Escritor e frade dominicano afirma que cubano foi o único líder que sobreviveu ao êxito da sua obra

Carla Jiménez
O escritor Frei Betto.
O escritor Frei Betto.José Cruz/ Agência Brasil

O escritor Frei Betto se encontrava em um retiro no Rio de Janeiro quando soube da morte de Fidel Castro. Comovido, abriu uma janela do seu recolhimento espiritual para atender à ligação dos jornalistas que queriam ouvir uma palavra sua sobre o amigo de longa data. Fidel escreveu o prólogo do livro Frei Betto – Biografia (editora Record), que será lançada na próxima semana.

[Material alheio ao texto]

lemma bin_weight_Suc_ge:
  assumes "0 < r" "r < 1" "k < N"
  shows "bin_weight N r k * (r / (real N * (1 - r))) \<le> bin_weight N r (Suc k)"
proof -
  have "bin_weight N r k * r \<le> bin_weight N r k * (real (N - k) * r)"
    using assms by (intro mult_left_mono) (auto intro: bin_weight_nonneg)
  also have "\<dots> = bin_weight N r (Suc k) * (real (Suc k) * (1 - r))"
    using bin_weight_Suc[OF assms(3)] by simp
  also have "\<dots> \<le> bin_weight N r (Suc k) * (real N * (1 - r))"
    using assms by (intro mult_left_mono mult_right_mono) (auto intro: bin_weight_nonneg)
  finally show ?thesis
    using assms by (simp add: field_simps)
qed
lemma succ_mod_inj:
  fixes a b n :: nat
  assumes "a < n" "b < n" "(a + 1) mod n = (b + 1) mod n"
  shows "a = b"
  using assms cong_add_rcancel_nat cong_less_modulus_unique_nat unfolding cong_def by blast

lemma common_cyc_neighbour:
  assumes "x < n" "y < n" "x \<noteq> y" "cyc_adj n x s" "cyc_adj n y s"
  shows "s = (x + 1) mod n \<and> y = (x + 2) mod n \<or> s = (y + 1) mod n \<and> x = (y + 2) mod n"
  using assms succ_mod_inj[OF assms(1,2)] unfolding cyc_adj_def
  by (auto simp: mod_Suc_eq)

lemma mod_less_twice: "a < 2 * n \<Longrightarrow> a mod n = (if a < n then a else a - n)"
  for a n :: nat
  by (simp add: le_mod_geq)

lemma dist1_eq_less:
  assumes "x < z" "z < n" "3 \<le> n"
  shows "dist1 n x z = (if cyc_adj n x z then 1 else 2)"
  using assms by (auto simp: dist1_def cyc_dist_def cyc_adj_def mod_less_twice min_def)

lemma dist1_eq:
  assumes "x < n" "z < n" "x \<noteq> z" "3 \<le> n"
  shows "dist1 n x z = (if cyc_adj n x z then 1 else 2)"
proof (cases "x < z")
  case False
  have "dist1 n x z = dist1 n z x"
    unfolding dist1_def cyc_dist_def by (simp add: min.commute)
  with False assms show ?thesis
    using dist1_eq_less[of z x n] by (simp add: cyc_adj_sym)
qed (use assms dist1_eq_less in auto)

lemma dist1_resolvingI:
  assumes "3 \<le> n" "S \<subseteq> {..<n}"
    and separate: "\<And>x y. \<lbrakk>x < n; y < n; x \<noteq> y; x \<notin> S; y \<notin> S\<rbrakk>
      \<Longrightarrow> \<exists>z\<in>S. cyc_adj n x z \<noteq> cyc_adj n y z"
  shows "dist1_resolving n S"
  unfolding dist1_resolving_def
proof (intro conjI allI impI)
  fix x y assume xy: "x < n" "y < n" "x \<noteq> y"
  have dist1_self: "dist1 n v v = 0" for v
    by (simp add: dist1_def cyc_dist_def)
  show "\<exists>z\<in>S. dist1 n x z \<noteq> dist1 n y z"
  proof (cases "x \<in> S \<or> y \<in> S")
    case True
    then show ?thesis
    proof
      assume "x \<in> S"
      moreover have "dist1 n y x \<noteq> 0"
        using dist1_eq[OF xy(2,1)] xy(3) assms(1) by simp
      ultimately show ?thesis
        using dist1_self by metis
    next
      assume "y \<in> S"
      moreover have "dist1 n x y \<noteq> 0"
        using dist1_eq[OF xy(1,2)] xy(3) assms(1) by simp
      ultimately show ?thesis
        using dist1_self by metis
    qed
  next
    case False
    then obtain z where z: "z \<in> S" "cyc_adj n x z \<noteq> cyc_adj n y z"
      using separate xy by blast
    then have "z < n" "x \<noteq> z" "y \<noteq> z"
      using False assms(2) by auto
    then have "dist1 n x z \<noteq> dist1 n y z"
      using z dist1_eq[OF xy(1) \<open>z < n\<close> _ assms(1)] dist1_eq[OF xy(2) \<open>z < n\<close> _ assms(1)] by auto
    with z(1) show ?thesis ..
  qed
qed (use assms in auto)

lemma
  assumes "u \<in> S" "S \<subseteq> {..<n}"
  shows cw_step_pos: "0 < cw_step n S u"
    and cw_step_le: "cw_step n S u \<le> n"
    and cw_step_mem: "(u + cw_step n S u) mod n \<in> S"
proof -
  have witness: "0 < n \<and> (u + n) mod n \<in> S"
    using assms by auto
  show "0 < cw_step n S u" "(u + cw_step n S u) mod n \<in> S"
    unfolding cw_step_def using LeastI[of "\<lambda>k. 0 < k \<and> (u + k) mod n \<in> S", OF witness] by auto
  show "cw_step n S u \<le> n"
    unfolding cw_step_def using witness by (rule Least_le)
qed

Frei Betto foi um observador privilegiado de vários movimentos de Cuba nas últimas décadas, como a reaproximação com os Estados Unidos. A última vez que estiveram juntos foi em agosto passado, no último aniversário do líder cubano. Quando o Papa Francisco visitou Fidel no ano passado, levou de presente o livro “Fidel e a Religião”, escrito por Frei Betto.

Pergunta. A pergunta óbvia, o que fica da morte de Fidel Castro neste momento?

Resposta. Com Fidel morre o último grande líder do século 20. O único que sobreviveu ao êxito da própria obra: a revolução cubana. E líder uma nação que há mais de 50 anos resiste à pressão dos Estados Unidos. Fica faltando apenas a suspensão do bloqueio econômico. O legado que ele deixa é inestimável. Uma nação de quase 12 milhões de habitantes, com muitos problemas, claro, mas que têm os direitos mais básicos assegurados: alimentação, saúde e educação. E hoje Cuba exporta professores e médicos para mais de 100 países, inclusive o Brasil. É um homem que, estejamos ou não de acordo, com as ideias e posturas, tornou Cuba uma nação soberana. Ocupa um território pequeno, mas um país onde qualquer coisa que acontece todo mundo presta atenção.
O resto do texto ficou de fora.